Biri, dokunulmazlık dosyaları içinde "cinsel taciz" iddialı tek dosyaya sahip bir cumhuriyet öğretmeni. Tek mahareti traktörü geri geri park etmek olan bu çapkın aday, terör örgütleriyle aslanlar gibi çarpışan bir komutanın apoletlerini sökeceğini vaat ediyor.
İktidarlıklarında başörtülü kimsenin olmayacağını ve PKK'nın özerklik talebini destekleyeceklerini söylüyorlar. Bugün HDPKK bayraklarıyla da miting yapmaya devam ediyorlar.
Diğeri, ülkenin tüm kazanımlarını satacağını, yıkacağını vaat ediyor. Bir diğeri de elinde yüzlerce masum insanın kanı bulunan PKK'nın emrinde bir aday. Afrin'i geri alacaklarmış!
Küresel baronların işleyen çarkına bilye olabilecek tıynette bir adamı da bilge diye yutturarak milletin karşısına aday olarak çıkardılar. O da Afrin'i geri alacaklarını söyleyen terör örgütünün himayesindeki bir adama özgürlük talep ediyor.

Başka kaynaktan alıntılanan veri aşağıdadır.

definition mm_exponent :: "real \<Rightarrow> bool" where
  "mm_exponent \<alpha> \<longleftrightarrow>
     (\<forall>c::nat. \<exists>(b::nat) (C::real) (N::nat). \<forall>n\<ge>N.
        \<exists>(T::nat) (m :: ((nat \<Rightarrow> int) \<times> (nat \<Rightarrow> int)) cc_msgf)
          (out :: ((nat \<Rightarrow> int) \<times> (nat \<Rightarrow> int), nat \<Rightarrow> int) cc_outf).
          real T \<le> C * real n powr \<alpha> \<and> cc_bounded (cc_bw b n) m \<and>
          (\<forall>A B :: nat \<Rightarrow> nat \<Rightarrow> int.
             (\<forall>i<n. \<forall>j<n. \<bar>A i j\<bar> \<le> int n ^ c \<and> \<bar>B i j\<bar> \<le> int n ^ c) \<longrightarrow>
             (\<forall>i<n. \<forall>j<n. cc_output n m out (\<lambda>l. (A l, B l)) T i j = (\<Sum>l<n. A i l * B l j))))"

definition row_stochastic :: "nat \<Rightarrow> (nat \<Rightarrow> nat \<Rightarrow> real) \<Rightarrow> bool" where
  "row_stochastic n M \<longleftrightarrow> (\<forall>i<n. (\<forall>j<n. 0 \<le> M i j) \<and> (\<Sum>j<n. M i j) = 1)"

primrec mat_pow :: "nat \<Rightarrow> (nat \<Rightarrow> nat \<Rightarrow> real) \<Rightarrow> nat \<Rightarrow> nat \<Rightarrow> nat \<Rightarrow> real" where
  "mat_pow n M 0 = (\<lambda>i j. if i = j then 1 else 0)"
| "mat_pow n M (Suc k) = (\<lambda>i j. \<Sum>l<n. mat_pow n M k i l * M l j)"

end

theory Submission
  imports Defs
begin

text \<open>Compute \<open>M\<^sup>k\<close>, \<open>k = 2\<^sup>e\<close>, by \<open>e = O(log n)\<close> squarings in fixed-point arithmetic with
  denominator \<open>N = n\<^sup>c\<close>: an approximation \<open>Q\<close> is stored as the integer matrix \<open>N Q\<close>, the integer
  product is computed by the fast matrix multiplication protocol (its entries are at most \<open>N\<close>,
  so they fit into \<open>O(log n)\<close> bits) and divided by \<open>N\<close>, rounding down. Rounding down keeps every
  approximation entrywise below the exact power, and if all row sums of \<open>P - Q\<close> are at most
  \<open>\<epsilon>\<close>, then those of \<open>P\<^sup>2 - Q'\<close> are at most \<open>2\<epsilon> + n/N\<close>. Hence the final error is below
  \<open>2k n/N\<close>, which is at most \<open>\<beta>\<close> once \<open>c \<ge> c3 + c4 + 2\<close>. The \<open>e\<close> squarings are run one after
  another, each taking the \<open>O(n\<^sup>\<alpha>)\<close> rounds of the multiplication protocol.\<close>

section \<open>Running a protocol in consecutive phases\<close>

lemma cc_hist_explicit:
  "cc_hist n m x t i s j = (if s < t \<and> j < n then m j (x j) (cc_hist n m x s j) s i else [])"
  by (induction t arbitrary: i s j) auto

definition phase_hist :: "nat \<Rightarrow> cc_hist \<Rightarrow> nat \<Rightarrow> nat \<Rightarrow> cc_hist" where
  "phase_hist T0 h p r = (\<lambda>r' j. if r' < r then h (p * T0 + r') j else [])"

primrec phase_state ::
  "nat \<Rightarrow> ('a, 'o) cc_outf \<Rightarrow> (nat \<Rightarrow> 'i \<Rightarrow> 'a) \<Rightarrow> (nat \<Rightarrow> 'o \<Rightarrow> 'a)
     \<Rightarrow> nat \<Rightarrow> 'i \<Rightarrow> cc_hist \<Rightarrow> nat \<Rightarrow> 'a"
where
  "phase_state T0 out0 init step i xi h 0 = init i xi"
| "phase_state T0 out0 init step i xi h (Suc p) =
     step i (out0 i (phase_state T0 out0 init step i xi h p) (phase_hist T0 h p T0))"

text \<open>Round \<open>s\<close> is round \<open>s mod T0\<close> of phase \<open>s div T0\<close>: each machine recomputes its state at
  the start of the current phase from its own history and runs the base protocol from it.\<close>
definition phased_msg ::
  "nat \<Rightarrow> 'a cc_msgf \<Rightarrow> ('a, 'o) cc_outf \<Rightarrow> (nat \<Rightarrow> 'i \<Rightarrow> 'a) \<Rightarrow> (nat \<Rightarrow> 'o \<Rightarrow> 'a) \<Rightarrow> 'i cc_msgf"
where
  "phased_msg T0 m0 out0 init step i xi h s =
     m0 i (phase_state T0 out0 init step i xi h (s div T0))
       (phase_hist T0 h (s div T0) (s mod T0)) (s mod T0)"

primrec phase_states ::
  "nat \<Rightarrow> nat \<Rightarrow> 'a cc_msgf \<Rightarrow> ('a, 'o) cc_outf \<Rightarrow> (nat \<Rightarrow> 'i \<Rightarrow> 'a) \<Rightarrow> (nat \<Rightarrow> 'o \<Rightarrow> 'a)
     \<Rightarrow> (nat \<Rightarrow> 'i) \<Rightarrow> nat \<Rightarrow> nat \<Rightarrow> 'a"
where
  "phase_states n T0 m0 out0 init step x 0 = (\<lambda>i. init i (x i))"
| "phase_states n T0 m0 out0 init step x (Suc p) =
     (\<lambda>i. step i (cc_output n m0 out0 (phase_states n T0 m0 out0 init step x p) T0 i))"

lemma cc_bounded_phased_msg:
  "cc_bounded w m0 \<Longrightarrow> cc_bounded w (phased_msg T0 m0 out0 init step)"
  unfolding cc_bounded_def phased_msg_def by blast

lemma phase_hist_phased_msg:
  assumes state: "\<And>t j. p * T0 \<le> t \<Longrightarrow>
      phase_state T0 out0 init step j (x j) (cc_hist n (phased_msg T0 m0 out0 init step) x t j) p = y j"
    and "r \<le> T0" and "p * T0 + r \<le> t"
  shows "phase_hist T0 (cc_hist n (phased_msg T0 m0 out0 init step) x t i) p r = cc_hist n m0 y r i"
  using assms(2,3)
proof (induction r arbitrary: t i rule: less_induct)
  case (less r)
  show ?case
  proof (intro ext)
    fix r' j
    let ?h = "cc_hist n (phased_msg T0 m0 out0 init step) x (p * T0 + r') j"
    show "phase_hist T0 (cc_hist n (phased_msg T0 m0 out0 init step) x t i) p r r' j
        = cc_hist n m0 y r i r' j"
    proof (cases "r' < r \<and> j < n")
      case True
      then have "(p * T0 + r') div T0 = p" "(p * T0 + r') mod T0 = r'"
        using less.prems by auto
      moreover have "phase_state T0 out0 init step j (x j) ?h p = y j"
        by (rule state) simp
      moreover have "phase_hist T0 ?h p r' = cc_hist n m0 y r' j"
        using True less by simp
      ultimately show ?thesis
        using True less.prems by (simp add: phase_hist_def phased_msg_def cc_hist_explicit)
    next
      case False
      then show ?thesis by (auto simp: phase_hist_def cc_hist_explicit)
    qed
  qed
qed

lemma phase_state_phased_msg:
  "p * T0 \<le> t \<Longrightarrow>
   phase_state T0 out0 init step i (x i) (cc_hist n (phased_msg T0 m0 out0 init step) x t i) p
     = phase_states n T0 m0 out0 init step x p i"
proof (induction p arbitrary: t i)
  case 0
  then show ?case by simp
next
  case (Suc p)
  have "phase_hist T0 (cc_hist n (phased_msg T0 m0 out0 init step) x t i) p T0
      = cc_hist n m0 (phase_states n T0 m0 out0 init step x p) T0 i"
    by (rule phase_hist_phased_msg[OF Suc.IH]) (use Suc.prems in auto)
  then show ?case
    using Suc by (simp add: cc_output_def)
qed

section \<open>Approximate squaring of stochastic matrices\<close>

definition mat_mult ::
  "nat \<Rightarrow> (nat \<Rightarrow> nat \<Rightarrow> 'a::semiring_0) \<Rightarrow> (nat \<Rightarrow> nat \<Rightarrow> 'a) \<Rightarrow> nat \<Rightarrow> nat \<Rightarrow> 'a" where
  "mat_mult n A B = (\<lambda>i j. \<Sum>l<n. A i l * B l j)"

lemma mat_pow_1: "i < n \<Longrightarrow> mat_pow n M 1 i j = M i j"
  by (simp add: of_bool_def[symmetric])

lemma mat_pow_add:
  assumes "j < n"
  shows "mat_pow n M (a + b) i j = mat_mult n (mat_pow n M a) (mat_pow n M b) i j"
  using assms
proof (induction b arbitrary: j)
  case 0
  then show ?case by (simp add: mat_mult_def if_distrib sum.delta' cong: if_cong)
next
  case (Suc b)
  have "mat_pow n M (a + Suc b) i j = (\<Sum>l<n. (\<Sum>l'<n. mat_pow n M a i l' * mat_pow n M b l' l) * M l j)"
    using Suc.IH by (simp add: mat_mult_def)
  also have "\<dots> = (\<Sum>l'<n. mat_pow n M a i l' * (\<Sum>l<n. mat_pow n M b l' l * M l j))"
    by (simp add: sum_distrib_left sum_distrib_right mult.assoc) (rule sum.swap)
  finally show ?case by (simp add: mat_mult_def)
qed

lemma row_stochastic_mat_pow:
  assumes "row_stochastic n M"
  shows "row_stochastic n (mat_pow n M k)"
proof (induction k)
  case 0
  then show ?case by (simp add: row_stochastic_def sum.delta')
next
  case (Suc k)
  have "(\<Sum>j<n. mat_pow n M (Suc k) i j) = (\<Sum>l<n. mat_pow n M k i l * (\<Sum>j<n. M l j))" for i
    by (simp add: sum_distrib_left) (rule sum.swap)
  with Suc assms show ?case
    by (auto simp: row_stochastic_def intro!: sum_nonneg)
qed

lemma row_stochastic_le_1:
  assumes "row_stochastic n P" "i < n" "j < n"
  shows "P i j \<le> 1"
proof -
  have "P i j \<le> (\<Sum>j<n. P i j)"
    using assms by (intro member_le_sum) (auto simp: row_stochastic_def)
  then show ?thesis
    using assms by (simp add: row_stochastic_def)
qed

definition under_approx :: "nat \<Rightarrow> real \<Rightarrow> (nat \<Rightarrow> nat \<Rightarrow> real) \<Rightarrow> (nat \<Rightarrow> nat \<Rightarrow> real) \<Rightarrow> bool" where
  "under_approx n \<epsilon> P Q \<longleftrightarrow>
     (\<forall>i<n. (\<forall>j<n. 0 \<le> Q i j \<and> Q i j \<le> P i j) \<and> (\<Sum>j<n. P i j - Q i j) \<le> \<epsilon>)"

lemma under_approx_cong:
  assumes "\<And>i j. i < n \<Longrightarrow> j < n \<Longrightarrow> P i j = P' i j"
  shows "under_approx n \<epsilon> P Q = under_approx n \<epsilon> P' Q"
proof -
  have "(\<Sum>j<n. P i j - Q i j) = (\<Sum>j<n. P' i j - Q i j)" if "i < n" for i
    using assms that by (intro sum.cong) auto
  then show ?thesis
    using assms by (auto simp: under_approx_def)
qed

Sanırsınız seçimlere biri İsrail'den, biri ABD'den, diğeri İngiltere'den bir diğeri de Fransa'dan katılıyor. Ülkenin değerlerine, kültürüne, tarihine, birikimine bu denli uzaklar. Erdoğan üzerinden bu millete öfke kusuyorlar.
Çünkü artık bundan sonra ülkeyi kiraya verip sefa süremeyeceklerini anladılar. Millet bu defteri kapattı ve yönetime/sisteme el koydu.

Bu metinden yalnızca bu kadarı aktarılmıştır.